Oracle veteran Charles Phillips says business users expect enterprise app agility, mobility, and consumer-grade interfaces. But is IT on board?
Charles Phillips is approaching his third anniversary at the helm of Infor, and in that time the company has notched a long list of accomplishments.
Infor spent $2 billion acquiring ERP rival Lawson Software in 2011, and the company's venture capital backers have since injected another $1 billion for smaller, tuck-in acquisitions and a complete revitalization of a portfolio of enterprise apps spanning financials, human capital management, enterprise asset management, supply chain management, product lifecycle management, CRM, and multiple ERP systems including Hansen, LN, M3, SyteLine, SX.e, and S3.
The company's latest push is an UpgradeX path through which Infor is migrating customers from on-premises deployments to the latest versions of its applications in the cloud. Infor handles all the patching, management, and upgrades, running the applications in Amazon's cloud. Infor also recently introduced Rhythm, a cloud-based e-commerce service designed to help companies step up to modern online storefronts.
Infor CEO Charles Phillips.
What are the latest demands from enterprise apps customers? Who is calling the shots when it comes to how apps are purchased and deployed? Phillips recently sat down with InformationWeek in an exclusive interview from Infor's spanking new headquarters in New York, where the design standards and hip factor are in keeping with the software portfolio makeover. Read on for the reasoning behind Infor's new look and feel.

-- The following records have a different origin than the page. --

(* Let $H$ be a complex separable Hilbert space and let $\mathcal{G}$ be a countable group of unitary operators on $H$. Let $M$ and $K$ be wandering subspaces of $H$ for $\mathcal{G}$. If $\sum_{g \in \mathcal{G}} \oplus^{\perp} g(M) \subseteq \sum_{g \in \mathcal{G}} \oplus^{\perp} g(K)$, then $\dim(M) \le \dim(K)$.
   Context: A closed linear subspace $M$ of $H$ is a wandering subspace for a set $\mathcal{U}$ of unitary operators (containing the identity) if $U(M) \perp V(M)$ for all $U, V \in \mathcal{U}$ with $U \neq V$. For a wandering subspace $M$, $\sum_{g \in \mathcal{G}} \oplus^{\perp} g(M)$ denotes the closed orthogonal direct sum of the mutually orthogonal subspaces $g(M)$, $g \in \mathcal{G}$. *)

theory Defs
  imports "HOL-Analysis.Analysis"
begin

text \<open>The underlying normed space structure (norm, metric, topology) is that of
  real_normed_vector; the complex scalar multiplication extends the real one and the
  norm is induced by the complex inner product (linear in the second argument,
  conjugate linear in the first).\<close>

class complex_inner = real_normed_vector +
  fixes scaleC :: "complex \<Rightarrow> 'a \<Rightarrow> 'a" (infixr "*\<^sub>C" 75)
    and cinner :: "'a \<Rightarrow> 'a \<Rightarrow> complex"
  assumes scaleC_add_right: "a *\<^sub>C (x + y) = a *\<^sub>C x + a *\<^sub>C y"
    and scaleC_add_left: "(a + b) *\<^sub>C x = a *\<^sub>C x + b *\<^sub>C x"
    and scaleC_scaleC: "a *\<^sub>C (b *\<^sub>C x) = (a * b) *\<^sub>C x"
    and scaleC_one: "1 *\<^sub>C x = x"
    and scaleR_scaleC: "scaleR r x = complex_of_real r *\<^sub>C x"
    and cinner_commute: "cinner x y = cnj (cinner y x)"
    and cinner_add_left: "cinner (x + y) z = cinner x z + cinner y z"
    and cinner_scaleC_left: "cinner (a *\<^sub>C x) y = cnj a * cinner x y"
    and cinner_self_norm: "cinner x x = complex_of_real ((norm x)\<^sup>2)"

class chilbert_space = complex_inner + complete_space

definition separable_space :: "'a::topological_space itself \<Rightarrow> bool" where
  "separable_space _ \<longleftrightarrow> (\<exists>D::'a set. countable D \<and> closure D = UNIV)"

definition clinear :: "('a::complex_inner \<Rightarrow> 'b::complex_inner) \<Rightarrow> bool" where
  "clinear f \<longleftrightarrow> (\<forall>x y. f (x + y) = f x + f y) \<and> (\<forall>a x. f (a *\<^sub>C x) = a *\<^sub>C f x)"

definition unitary :: "('a::complex_inner \<Rightarrow> 'a) \<Rightarrow> bool" where
  "unitary U \<longleftrightarrow> clinear U \<and> (\<forall>x y. cinner (U x) (U y) = cinner x y) \<and> surj U"

definition unitary_group :: "('a::complex_inner \<Rightarrow> 'a) set \<Rightarrow> bool" where
  "unitary_group G \<longleftrightarrow> (\<forall>U\<in>G. unitary U) \<and> id \<in> G
     \<and> (\<forall>U\<in>G. \<forall>V\<in>G. U \<circ> V \<in> G) \<and> (\<forall>U\<in>G. inv U \<in> G)"

definition csubspace :: "'a::complex_inner set \<Rightarrow> bool" where
  "csubspace M \<longleftrightarrow> 0 \<in> M \<and> (\<forall>x\<in>M. \<forall>y\<in>M. x + y \<in> M) \<and> (\<forall>a. \<forall>x\<in>M. a *\<^sub>C x \<in> M)"

definition closed_csubspace :: "'a::complex_inner set \<Rightarrow> bool" where
  "closed_csubspace M \<longleftrightarrow> csubspace M \<and> closed M"

definition ccspan :: "'a::complex_inner set \<Rightarrow> 'a set" where
  "ccspan S = \<Inter>{N. closed_csubspace N \<and> S \<subseteq> N}"

definition orthogonal_sets :: "'a::complex_inner set \<Rightarrow> 'a set \<Rightarrow> bool" where
  "orthogonal_sets A B \<longleftrightarrow> (\<forall>x\<in>A. \<forall>y\<in>B. cinner x y = 0)"

definition wandering_subspace :: "('a::complex_inner \<Rightarrow> 'a) set \<Rightarrow> 'a set \<Rightarrow> bool" where
  "wandering_subspace \<U> M \<longleftrightarrow> closed_csubspace M
     \<and> (\<forall>U\<in>\<U>. \<forall>V\<in>\<U>. U \<noteq> V \<longrightarrow> orthogonal_sets (U ` M) (V ` M))"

InformationWeek: Just one step out of many in the revitalization of Infor has been the move here to New York from suburban Atlanta. Why New York rather than, say, Silicon Valley or San Francisco?
Charles Phillips: That's what our board of directors thought we would do because they're all out in California. But the more I thought about it, I thought it made less sense for an applications company. We need to be around customers because we're doing a lot of joint design work with them, and New York is the greatest place in the world to see customers because they all come here. I also think that to foster creativity you need a diverse environment. I don't want people who are only around technology people all day. They need to be around customers so they can hear their ideas.
The other big reason we're in New York is the design aspect. User experience and interface design is a big part of our strategy, and I just thought that people who understand beautiful design and who care about the way things look could be found here in New York. A lot of the design schools and fashion houses here in the city have embraced technology, and many of the people who come to New York with the intention of being involved in some form of design are going into the tech track. We have one employee here who worked for Kenneth Cole and another who handled digital arts for the movie The Avengers. They probably didn't start out designing enterprise software, but we're seeing lots of examples of software and consumer design coming together.
IW: You've gone to the extreme of building an internal design agency. Why is interface design so important?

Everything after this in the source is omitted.